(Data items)
---*---

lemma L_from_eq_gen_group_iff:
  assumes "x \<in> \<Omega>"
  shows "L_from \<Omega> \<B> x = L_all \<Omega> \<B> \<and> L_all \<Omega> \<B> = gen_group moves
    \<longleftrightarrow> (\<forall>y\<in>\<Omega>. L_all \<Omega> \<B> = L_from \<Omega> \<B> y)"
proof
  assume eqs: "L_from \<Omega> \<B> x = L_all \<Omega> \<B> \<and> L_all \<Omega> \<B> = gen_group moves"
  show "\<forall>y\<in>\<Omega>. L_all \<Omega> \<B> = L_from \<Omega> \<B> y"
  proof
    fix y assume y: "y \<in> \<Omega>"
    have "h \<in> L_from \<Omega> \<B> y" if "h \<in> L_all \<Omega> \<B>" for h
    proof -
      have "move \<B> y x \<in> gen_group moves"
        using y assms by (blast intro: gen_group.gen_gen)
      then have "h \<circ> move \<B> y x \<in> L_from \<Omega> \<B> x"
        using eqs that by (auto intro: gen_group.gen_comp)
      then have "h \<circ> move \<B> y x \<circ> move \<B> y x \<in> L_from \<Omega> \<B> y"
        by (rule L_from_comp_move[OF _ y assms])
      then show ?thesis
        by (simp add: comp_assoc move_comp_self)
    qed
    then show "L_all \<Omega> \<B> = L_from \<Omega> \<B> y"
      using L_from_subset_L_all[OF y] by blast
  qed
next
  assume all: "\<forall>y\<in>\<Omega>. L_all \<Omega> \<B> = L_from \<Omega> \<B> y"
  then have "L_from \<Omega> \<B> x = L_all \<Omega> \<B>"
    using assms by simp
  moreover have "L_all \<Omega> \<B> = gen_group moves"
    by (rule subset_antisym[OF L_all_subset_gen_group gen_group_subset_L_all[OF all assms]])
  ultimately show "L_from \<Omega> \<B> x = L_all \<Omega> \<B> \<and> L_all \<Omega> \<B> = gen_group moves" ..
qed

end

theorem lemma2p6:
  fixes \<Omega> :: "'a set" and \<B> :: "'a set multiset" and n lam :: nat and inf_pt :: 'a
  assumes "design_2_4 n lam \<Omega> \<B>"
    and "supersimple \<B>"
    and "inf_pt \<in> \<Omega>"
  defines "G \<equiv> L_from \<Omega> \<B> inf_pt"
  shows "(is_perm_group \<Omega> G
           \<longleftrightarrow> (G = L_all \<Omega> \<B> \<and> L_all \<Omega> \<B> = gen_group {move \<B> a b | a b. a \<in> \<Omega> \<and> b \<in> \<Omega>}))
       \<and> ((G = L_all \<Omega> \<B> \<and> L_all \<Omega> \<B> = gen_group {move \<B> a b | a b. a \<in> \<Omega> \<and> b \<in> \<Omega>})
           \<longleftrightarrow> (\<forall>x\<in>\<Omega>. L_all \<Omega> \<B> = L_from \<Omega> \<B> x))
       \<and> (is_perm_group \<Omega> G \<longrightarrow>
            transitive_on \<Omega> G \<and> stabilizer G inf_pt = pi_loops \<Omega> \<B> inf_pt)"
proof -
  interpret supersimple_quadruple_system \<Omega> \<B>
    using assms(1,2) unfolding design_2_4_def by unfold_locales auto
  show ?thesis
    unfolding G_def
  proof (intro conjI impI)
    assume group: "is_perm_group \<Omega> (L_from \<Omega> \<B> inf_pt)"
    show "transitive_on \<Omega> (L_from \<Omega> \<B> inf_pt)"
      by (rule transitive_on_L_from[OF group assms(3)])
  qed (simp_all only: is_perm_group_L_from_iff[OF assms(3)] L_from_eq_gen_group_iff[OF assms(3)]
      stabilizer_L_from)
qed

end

---*---

## [TASK ITEM]
In the entries, the line containing "by (simp add: comp_assoc" and every line after it through the last are to be duplicated exactly, and no other line is to be included.

## [SOLUTION BELOW]
        by (simp add: comp_assoc move_comp_self)
    qed
    then show "L_all \<Omega> \<B> = L_from \<Omega> \<B> y"
      using L_from_subset_L_all[OF y] by blast
  qed
next
  assume all: "\<forall>y\<in>\<Omega>. L_all \<Omega> \<B> = L_from \<Omega> \<B> y"
  then have "L_from \<Omega> \<B> x = L_all \<Omega> \<B>"
    using assms by simp
  moreover have "L_all \<Omega> \<B> = gen_group moves"
    by (rule subset_antisym[OF L_all_subset_gen_group gen_group_subset_L_all[OF all assms]])
  ultimately show "L_from \<Omega> \<B> x = L_all \<Omega> \<B> \<and> L_all \<Omega> \<B> = gen_group moves" ..
qed

end

theorem lemma2p6:
  fixes \<Omega> :: "'a set" and \<B> :: "'a set multiset" and n lam :: nat and inf_pt :: 'a
  assumes "design_2_4 n lam \<Omega> \<B>"
    and "supersimple \<B>"
    and "inf_pt \<in> \<Omega>"
  defines "G \<equiv> L_from \<Omega> \<B> inf_pt"
  shows "(is_perm_group \<Omega> G
           \<longleftrightarrow> (G = L_all \<Omega> \<B> \<and> L_all \<Omega> \<B> = gen_group {move \<B> a b | a b. a \<in> \<Omega> \<and> b \<in> \<Omega>}))
       \<and> ((G = L_all \<Omega> \<B> \<and> L_all \<Omega> \<B> = gen_group {move \<B> a b | a b. a \<in> \<Omega> \<and> b \<in> \<Omega>})
           \<longleftrightarrow> (\<forall>x\<in>\<Omega>. L_all \<Omega> \<B> = L_from \<Omega> \<B> x))
       \<and> (is_perm_group \<Omega> G \<longrightarrow>
            transitive_on \<Omega> G \<and> stabilizer G inf_pt = pi_loops \<Omega> \<B> inf_pt)"
proof -
  interpret supersimple_quadruple_system \<Omega> \<B>
    using assms(1,2) unfolding design_2_4_def by unfold_locales auto
  show ?thesis
    unfolding G_def
  proof (intro conjI impI)
    assume group: "is_perm_group \<Omega> (L_from \<Omega> \<B> inf_pt)"
    show "transitive_on \<Omega> (L_from \<Omega> \<B> inf_pt)"
      by (rule transitive_on_L_from[OF group assms(3)])
  qed (simp_all only: is_perm_group_L_from_iff[OF assms(3)] L_from_eq_gen_group_iff[OF assms(3)]
      stabilizer_L_from)
qed

end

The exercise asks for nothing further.